Milyonlarca emekli ve memura kötü haber
Türkiye İstatistik Kurumu’nun TÜFE artış oranlarının iptali ve yürütmesinin durdurulması istemiyle açılan davadan milyonlarca memur, emekli ve ailelerine kötü haber geldi.
Eski Danıştay hakimi Önder Tekin, TÜİK’in Temmuz 2021, Ağustos 2021, Eylül 2021, Ekim 2021, Kasım 2021 ve Aralık 2021 ayları Tüketici Fiyat Endeksi (TÜFE) artış oranlarının iptali istemiyle Danıştay’da dava açmıştı. Tekin, dava dilekçesinde TÜİK verilerinin düzenleyici idari bir işlem olduğunu ve bu verilerin gerçekleri yansıtmaması nedeniyle emekli maaşındaki artış oranlarının da etkilendiğini savunmuştu. Danıştay 10. Dairesi, görevli olmadığını açıklayarak, dosyayı Ankara İdare Mahkemesi’ne gönderdi.
Ankara 18. İdare Mahkemesi’nde görülen davada; TÜİK, Tekin’in taraf ehliyetinin olmadığını ve kuruma husumet yöneltemeyeceğini belirterek, verilerinin idari davaya konu edilebilecek kesin ve yürütülmesi zorunlu bir işlem bulunmadığını savundu. TÜİK, Tekin’in davayı yasal süresi içinde açmadığını da ileri sürerek, “Esasa ilişkin olarak ise Resmi İstatistik Programı’na göre tespit edilen enflasyon oranlarında herhangi bir hata bulunmuyor” diyerek davanın reddini istedi.
“TÜİK VERİLERİNİN DİKKATE ALINACAĞINA İLİŞKİN MEVZUAT HÜKMÜ YOK”
Mahkeme, davanın incelenmeksizin reddine karar verdi.
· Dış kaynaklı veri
definition projections :: "('a::chilbert_space \<Rightarrow> 'a) set \<Rightarrow> ('a \<Rightarrow> 'a) set" where
  "projections A = {p \<in> A. p \<circ> p = p \<and> adj p = p}"

definition proj_le :: "('a \<Rightarrow> 'a) \<Rightarrow> ('a \<Rightarrow> 'a) \<Rightarrow> bool" where
  "proj_le p q \<longleftrightarrow> p \<circ> q = p"

definition orth_compl :: "'a::complex_inner set \<Rightarrow> 'a set" where
  "orth_compl M = {x. \<forall>y\<in>M. cinner y x = 0}"

end

theory Submission
  imports Defs
begin

(* Every x in an R*-algebra has its range projection in the algebra: if y is an inner inverse
   of x^* x, then x y x^* is a self-adjoint idempotent with x y x^* x = x. The join of p and q
   is the range projection r of p + q. Its range lies in pH + qH, and since (p + q) w = 0 forces
   p w = q w = 0 (as <p w, w> = |p w|^2), the identity (p + q) r = p + q gives p r = p and
   q r = q, so r fixes pH + qH; in particular pH + qH is closed. The meet is
   1 - ((1 - p) join (1 - q)), whose range is the orthogonal complement of (1 - p)H + (1 - q)H.
   Adjoints of bounded operators, needed throughout, come from the Riesz representation
   theorem, proved via the point of least norm in a closed convex set. *)

section \<open>Complex inner product algebra\<close>

lemma scaleC_minus_one: "(-1::complex) *\<^sub>C x = - (x::'a::complex_vector)"
  using scaleC_of_real[of "-1" x] by simp

lemma cinner_add_right: "cinner z (x + y) = cinner z x + cinner (z::'a::complex_inner) y"
  by (subst (1 2 3) cinner_commute) (simp add: cinner_add_left)

lemma cinner_scaleC_right: "cinner x (a *\<^sub>C y) = a * cinner (x::'a::complex_inner) y"
  by (subst (1 2) cinner_commute) (simp add: cinner_scaleC_left)

lemma cinner_zero_left [simp]: "cinner 0 (y::'a::complex_inner) = 0"
  using cinner_add_left[of "0::'a" 0 y] by simp

lemma cinner_zero_right [simp]: "cinner (y::'a::complex_inner) 0 = 0"
  using cinner_add_right[of y "0::'a" 0] by simp

lemma cinner_minus_left: "cinner (- x) y = - cinner (x::'a::complex_inner) y"
  using cinner_scaleC_left[of "-1" x y] by (simp add: scaleC_minus_one)

lemma cinner_minus_right: "cinner y (- x) = - cinner (y::'a::complex_inner) x"
  using cinner_scaleC_right[of y "-1" x] by (simp add: scaleC_minus_one)

lemma cinner_diff_left: "cinner (x - y) z = cinner x z - cinner (y::'a::complex_inner) z"
  by (simp only: diff_conv_add_uminus cinner_add_left cinner_minus_left)

lemma cinner_diff_right: "cinner z (x - y) = cinner z x - cinner (z::'a::complex_inner) y"
  by (simp only: diff_conv_add_uminus cinner_add_right cinner_minus_right)

lemma cinner_scaleR_left: "cinner (r *\<^sub>R x) y = of_real r * cinner (x::'a::complex_inner) y"
  by (simp only: scaleC_of_real[symmetric] cinner_scaleC_left complex_cnj_complex_of_real)

lemma cinner_self_eq_norm_sq: "cinner x x = of_real ((norm (x::'a::complex_inner))\<^sup>2)"
  using cinner_self_real[of x] cinner_self_nonneg[of x] norm_eq_sqrt_cinner[of x]
  by (simp add: complex_eq_iff)

lemma cinner_ext_right:
  assumes "\<And>u. cinner u a = cinner u (b::'a::complex_inner)"
  shows "a = b"
proof -
  have "cinner (a - b) (a - b) = 0"
    using assms[of "a - b"] by (simp add: cinner_diff_right)
  then show ?thesis by (simp add: cinner_self_eq_zero)
qed

lemma cinner_ext_left:
  assumes "\<And>u. cinner a u = cinner (b::'a::complex_inner) u"
  shows "a = b"
proof -
  have "cinner (a - b) (a - b) = 0"
    using assms[of "a - b"] by (simp add: cinner_diff_left)
  then show ?thesis by (simp add: cinner_self_eq_zero)
qed

lemma norm_add_sq:
  "(norm (a + b))\<^sup>2 = (norm a)\<^sup>2 + (norm b)\<^sup>2 + 2 * Re (cinner a (b::'a::complex_inner))"
proof -
  have "Re (cinner b a) = Re (cinner a b)"
    by (subst cinner_commute) simp
  moreover have "Re (cinner (a + b) (a + b))
      = Re (cinner a a) + Re (cinner a b) + Re (cinner b a) + Re (cinner b b)"
    by (simp add: cinner_add_left cinner_add_right)
  ultimately show ?thesis
    by (simp add: cinner_self_eq_norm_sq)
qed

lemma parallelogram_law:
  "(norm (a + b))\<^sup>2 + (norm (a - b))\<^sup>2 = 2 * (norm a)\<^sup>2 + 2 * (norm (b::'a::complex_inner))\<^sup>2"
  using norm_add_sq[of a b] norm_add_sq[of a "- b"]
  by (simp add: cinner_minus_right)

lemma norm_scaleC: "norm (t *\<^sub>C w) = cmod t * norm (w::'a::complex_inner)"
proof -
  have "cinner (t *\<^sub>C w) (t *\<^sub>C w) = cnj t * t * cinner w w"
    by (simp add: cinner_scaleC_left cinner_scaleC_right)
  also have "cnj t * t = of_real ((cmod t)\<^sup>2)"
    using complex_norm_square[of t] by (simp add: mult.commute)
  finally have "of_real ((norm (t *\<^sub>C w))\<^sup>2) = (of_real ((cmod t * norm w)\<^sup>2) :: complex)"
    by (simp only: cinner_self_eq_norm_sq of_real_mult power_mult_distrib)
  then have "(norm (t *\<^sub>C w))\<^sup>2 = (cmod t * norm w)\<^sup>2"
    by (simp only: of_real_eq_iff)
  then show ?thesis
    by (simp add: power2_eq_iff_nonneg)
qed

lemma cinner_Cauchy_Schwarz: "cmod (cinner x y) \<le> norm x * norm (y::'a::complex_inner)"
proof (cases "x = 0")
  case True
  then show ?thesis by simp
next
  case False
  define n where "n = (norm x)\<^sup>2"
  define c where "c = cinner x y"
  have n: "n > 0" using False by (simp add: n_def)
  \<comment> \<open>Expand \<open>\<parallel>y - (c/n) x\<parallel>\<^sup>2 \<ge> 0\<close>.\<close>
  define t where "t = c / of_real n"
  have "cinner (y - t *\<^sub>C x) (y - t *\<^sub>C x)
      = cinner y y - t * cinner y x - cnj t * cinner x y + cnj t * t * cinner x x"
    by (simp add: cinner_diff_left cinner_diff_right cinner_scaleC_left cinner_scaleC_right
        algebra_simps)
  also have "\<dots> = of_real ((norm y)\<^sup>2) - t * cnj c - cnj t * c + cnj t * t * of_real n"
    by (simp add: cinner_self_eq_norm_sq n_def c_def cinner_commute[of y x])
  also have "\<dots> = of_real ((norm y)\<^sup>2) - c * cnj c / of_real n"
    using n by (simp add: t_def field_simps)
  also have "c * cnj c = of_real ((cmod c)\<^sup>2)"
    using complex_norm_square[of c] by simp
  finally have "cinner (y - t *\<^sub>C x) (y - t *\<^sub>C x) = of_real ((norm y)\<^sup>2 - (cmod c)\<^sup>2 / n)"
    by simp
  then have "(norm (y - t *\<^sub>C x))\<^sup>2 = (norm y)\<^sup>2 - (cmod c)\<^sup>2 / n"
    by (simp only: cinner_self_eq_norm_sq of_real_eq_iff)
  then have "(cmod c)\<^sup>2 \<le> (norm y)\<^sup>2 * n"
    using n by (metis diff_ge_0_iff_ge pos_divide_le_eq zero_le_power2)
  then have "(cmod c)\<^sup>2 \<le> (norm x * norm y)\<^sup>2"
    by (simp add: n_def power_mult_distrib mult.commute)
  then show ?thesis
    unfolding c_def by (rule power2_le_imp_le) simp
qed
lemma index_Proj_vec_div_rows:
  assumes "partial_hadamard n n M" "i < n" "j < n" "a < n" "b < n"
  shows "Proj (vec_div (row M i) (row M j)) $$ (a,b) =
    M $$ (i,a) * cnj (M $$ (i,b)) * (cnj (M $$ (j,a)) * M $$ (j,b)) / of_nat n"
proof -
  have M: "M \<in> carrier_mat n n" using assms by (simp add: partial_hadamard_def)
  have "vec_div (row M i) (row M j) \<bullet>c vec_div (row M i) (row M j) = row M i \<bullet>c row M i"
    using M assms by (intro cscalar_vec_div_same_denominator partial_hadamard_row_unimodular[OF assms(1)])
        simp_all
  also have "\<dots> = of_nat n"
    using partial_hadamard_row_cscalar[OF assms(1,2,2)] by simp
  finally show ?thesis
    using M assms partial_hadamard_row_unimodular[OF assms(1,3)]
    by (simp add: index_Proj index_vec_div_unimodular ac_simps)
qed

lemma hadamard_magic_Proj_vec_div:
  assumes H: "partial_hadamard n n M"
  shows "magic n n (\<lambda>i j. Proj (vec_div (row M i) (row M j)))"
proof -
  have M: "M \<in> carrier_mat n n" using H by (simp add: partial_hadamard_def)
  have unimodular: "unimodular_vec (row M i)" if "i < n" for i
    using partial_hadamard_row_unimodular[OF H that] .
  have unit: "M $$ (i,a) * cnj (M $$ (i,a)) = 1" if "i < n" "a < n" for i a
    using H that by (simp add: partial_hadamard_def norm_eq_1_iff_mult_cnj)
  have cols_orthonormal: "(\<Sum>i<n. M $$ (i,a) * cnj (M $$ (i,b))) = (if a = b then of_nat n else 0)"
    if "a < n" "b < n" for a b
    using hadamard_col_cscalar[OF H that] M that by (simp add: scalar_prod_def atLeast0LessThan)
  have row_orth: "Proj (vec_div (row M i) (row M j)) * Proj (vec_div (row M i) (row M k)) = 0\<^sub>m n n"
    if "i < n" "j < n" "k < n" "j \<noteq> k" for i j k
  proof -
    have "vec_div (row M i) (row M k) \<bullet>c vec_div (row M i) (row M j) = row M j \<bullet>c row M k"
      using M that by (intro cscalar_vec_div_same_numerator unimodular) simp_all
    then show ?thesis
      using M that by (simp add: Proj_mult_orthogonal partial_hadamard_row_cscalar[OF H])
  qed
  have col_orth: "Proj (vec_div (row M i) (row M j)) * Proj (vec_div (row M k) (row M j)) = 0\<^sub>m n n"
    if "i < n" "j < n" "k < n" "i \<noteq> k" for i j k
  proof -
    have "vec_div (row M k) (row M j) \<bullet>c vec_div (row M i) (row M j) = row M k \<bullet>c row M i"
      using M that by (intro cscalar_vec_div_same_denominator unimodular) simp_all
    then show ?thesis
      using M that by (simp add: Proj_mult_orthogonal partial_hadamard_row_cscalar[OF H])
  qed
  have row_sum: "mat_sum n (\<lambda>j. Proj (vec_div (row M i) (row M j))) {..<n} = 1\<^sub>m n"
    if i: "i < n" for i
  proof (rule eq_matI)
    fix a b assume "a < dim_row (1\<^sub>m n :: complex mat)" "b < dim_col (1\<^sub>m n :: complex mat)"
    then have a: "a < n" and b: "b < n" by simp_all
    have "(\<Sum>j<n. Proj (vec_div (row M i) (row M j)) $$ (a,b)) =
        M $$ (i,a) * cnj (M $$ (i,b)) / of_nat n * (\<Sum>j<n. M $$ (j,b) * cnj (M $$ (j,a)))"
      using i a b by (simp add: index_Proj_vec_div_rows[OF H] sum_distrib_left ac_simps)
    also have "\<dots> = 1\<^sub>m n $$ (a,b)"
      using a b unit[OF i a] by (auto simp: cols_orthonormal)
    finally show "mat_sum n (\<lambda>j. Proj (vec_div (row M i) (row M j))) {..<n} $$ (a,b) = 1\<^sub>m n $$ (a,b)"
      using a b by (simp add: mat_sum_def)
  qed (simp_all add: mat_sum_def)
  have column_sum: "mat_sum n (\<lambda>i. Proj (vec_div (row M i) (row M j))) {..<n} = 1\<^sub>m n"
    if j: "j < n" for j
  proof (rule eq_matI)
    fix a b assume "a < dim_row (1\<^sub>m n :: complex mat)" "b < dim_col (1\<^sub>m n :: complex mat)"
    then have a: "a < n" and b: "b < n" by simp_all
    have "(\<Sum>i<n. Proj (vec_div (row M i) (row M j)) $$ (a,b)) =
        cnj (M $$ (j,a)) * M $$ (j,b) / of_nat n * (\<Sum>i<n. M $$ (i,a) * cnj (M $$ (i,b)))"
      using j a b by (simp add: index_Proj_vec_div_rows[OF H] sum_distrib_left ac_simps)
    also have "\<dots> = 1\<^sub>m n $$ (a,b)"
      using a b unit[OF j a] by (auto simp: cols_orthonormal ac_simps)
    finally show "mat_sum n (\<lambda>i. Proj (vec_div (row M i) (row M j))) {..<n} $$ (a,b) = 1\<^sub>m n $$ (a,b)"
      using a b by (simp add: mat_sum_def)
  qed (simp_all add: mat_sum_def)
  have "is_projection n (Proj (vec_div (row M i) (row M j)))" if "i < n" for i j
    using is_projection_Proj[of "vec_div (row M i) (row M j)"] M that by simp
  then show ?thesis
    unfolding magic_def submagic_def using row_orth col_orth row_sum column_sum by blast
qed

lemma cnj_cscalar: "dim_vec v = dim_vec w \<Longrightarrow> cnj (v \<bullet>c w) = w \<bullet>c v"
  by (simp add: scalar_prod_def cnj_sum mult.commute)

lemma partial_hadamard_col_unimodular:
  "partial_hadamard m n H \<Longrightarrow> j < n \<Longrightarrow> unimodular_vec (col H j)"
  by (auto simp: partial_hadamard_def unimodular_vec_def)

locale hadamard_row_completion =
  fixes n :: nat and H :: "complex mat" and W :: "complex vec"
  assumes H: "partial_hadamard n (Suc n) H"
    and W: "W \<in> carrier_vec (Suc n)"
    and W_orthogonal: "\<And>i. i < n \<Longrightarrow> W \<bullet>c row H i = 0"
    and W_norm: "W \<bullet>c W = of_nat (Suc n)"
begin

definition completed :: "complex mat" where
  "completed = mat (Suc n) (Suc n) (\<lambda>(i,j). if i < n then H $$ (i,j) else W $ j)"

lemma H_carrier: "H \<in> carrier_mat n (Suc n)"
  using H by (simp add: partial_hadamard_def)

lemma completed_carrier: "completed \<in> carrier_mat (Suc n) (Suc n)"
  by (simp add: completed_def)

lemma row_completed: "i < Suc n \<Longrightarrow> row completed i = (if i < n then row H i else W)"
  using H_carrier W by (auto simp: completed_def intro!: eq_vecI)

lemma completed_row_cscalar:
  assumes "i < Suc n" "k < Suc n"
  shows "row completed i \<bullet>c row completed k = (if i = k then of_nat (Suc n) else 0)"
proof -
  have "row H i \<bullet>c W = 0" if "i < n" for i
    using cnj_cscalar[of W "row H i"] W_orthogonal[OF that] W H_carrier by simp
  then show ?thesis
    using assms by (auto simp: row_completed W_norm W_orthogonal partial_hadamard_row_cscalar[OF H])
qed

lemma col_cscalar_completed:
  assumes "k < Suc n" "l < Suc n"
  shows "col completed k \<bullet>c col completed l = col H k \<bullet>c col H l + W $ k * cnj (W $ l)"
  using assms H_carrier by (simp add: completed_def scalar_prod_def atLeast0LessThan)

lemma col_cscalar_self: "k < Suc n \<Longrightarrow> col H k \<bullet>c col H k = of_nat n"
  using cscalar_self_unimodular[OF partial_hadamard_col_unimodular[OF H]] H_carrier by simp

lemma completed_col_cscalar:
  "k < Suc n \<Longrightarrow> l < Suc n \<Longrightarrow> col completed k \<bullet>c col completed l = (if k = l then of_nat (Suc n) else 0)"
  by (intro col_cscalar_of_orthogonal_rows[OF completed_carrier] completed_row_cscalar)
    (simp_all del: of_nat_Suc)

lemma W_unimodular: "unimodular_vec W"
  unfolding unimodular_vec_def
proof (intro allI impI)
  fix a assume "a < dim_vec W"
  then have a: "a < Suc n" using W by simp
  \<comment> \<open>the diagonal entry of \<open>completed\<^sup>* * completed = (n+1) \<cdot> 1\<close>\<close>
  have "of_nat n + W $ a * cnj (W $ a) = of_nat (Suc n)"
    using completed_col_cscalar[OF a a] col_cscalar_completed[OF a a] col_cscalar_self[OF a] by simp
  then show "cmod (W $ a) = 1"
    by (simp add: norm_eq_1_iff_mult_cnj)
qed

lemma hadamard_completed: "partial_hadamard (Suc n) (Suc n) completed"
proof -
  have "cmod (completed $$ (i,j)) = 1" if "i < Suc n" "j < Suc n" for i j
    using that H W_unimodular W by (auto simp: completed_def partial_hadamard_def unimodular_vec_def)
  then show ?thesis
    unfolding partial_hadamard_def using completed_carrier completed_row_cscalar by simp
qed

lemma has_magic_completion_Proj_vec_div:
  "has_magic_completion (Suc n) (Suc n) (\<lambda>i j. Proj (vec_div (row H i) (row H j)))"
  unfolding has_magic_completion_def
  using hadamard_magic_Proj_vec_div[OF hadamard_completed] row_completed by auto

lemma norm_col_cscalar:
  assumes "k < Suc n" "l < Suc n" "k \<noteq> l"
  shows "cmod (col H k \<bullet>c col H l) = 1"
proof -
  have "col H k \<bullet>c col H l = - (W $ k * cnj (W $ l))"
    using completed_col_cscalar[OF assms(1,2)] col_cscalar_completed[OF assms(1,2)] assms(3)
    by (simp add: eq_neg_iff_add_eq_0)
  then show ?thesis
    using W_unimodular W assms by (simp add: unimodular_vec_def norm_mult)
qed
Kararın gerekçesinde, “…davacı tarafından açıklan enflasyon artış oranlarının doğrudan maaşına etki yaptığı ileri sürülmüş ise de davacının maaşının tabi olduğu mevzuat hükümleri uyarınca hesaplandığı, hesaplama yapılırken ise davalı idare tarafından açıklanan enflasyon artış oranlarının maaş hesabında dikkate alınacağına ilişkin mevzuatında bir hüküm bulunmadığı… sonucuna varılmıştır” denildi.
“TÜİK VERİLERİNİN DOĞRUDAN ETKİSİ YOK”
Kararda Tekin’in emekli maaşının yetkili memur sendikası ile yapılan toplu sözleşmeye göre belirlendiği belirtilerek, şu ifadeler yer aldı:
“TÜİK tarafından açıklanan enflasyon oranlarının kamu görevlilerine uygulanacak zam oranlarını aşması durumunda aradaki oranın da enflasyon farkı adı altında zam olarak uygulanacağının öngörüldüğü anlaşılmakla beraber ülkenin ekonomi alanındaki istatistiklerini derlemek ve yayımlamak ile görevli olan davalı idare tarafından aylık olarak açıklanan enflasyon artış oranlarının davacının maaşının artışına doğrudan bir etkisinin olmadığı, ikincil bir işlem olan toplu sözleşmeye hüküm koyulmak suretiyle davacının maaşında etki yaptığı, dolayısıyla davalı idare tarafından açıklanan ve sadece istatistiki bir veri olarak paylaşılan enflasyon artış oranlarının, kamu gücünün üçüncü kişiler üzerinde ayrıca başka bir işlemin varlığına gerek olmaksızın doğrudan doğruya çeşitli hukuki sonuçlar doğurmak suretiyle etkisini gösterdiği işlemlerden olmadığı kanaatine varıldığından, davanın esasının incelenmesine olanak bulunmadığı sonucuna varılmıştır.”
Karara değerlendiren Tekin, TÜİK verilerinin kamu görevlilerinin emeklilik maaşında veri olarak alındığını ve TÜİK verilerinde enflasyonun yıllardır düşük olduğunu belirterek, “Enflasyon artış oranları kesin ve yürütülmesi zorunlu işlem değilmiş. Oysa hepimiz biliyoruz ki resmi istatistikleri üretmeye ve açıklamaya yetkili olan TÜİK tarafından açıklanan enflasyon artış oranları, yıllardır tüm kamu görevlileri ve emeklilerin aylık artış oranlarında doğrudan dikkate alınıyor. Doğrudan belirleyici ve kesin bir işlem. Doğrudan yürütülüyor bu işlem” dedi.
Tekin, kararı veren hakimlere seslenerek, “Bu kararı veren yargıçların ocak ve temmuz ayındaki aylıklarında artış farkı olarak TÜİK tarafından açıklanan enflasyon doğrultusunda artırıldı. Onların aylıklarını da TÜİK belirledi” diye konuştu.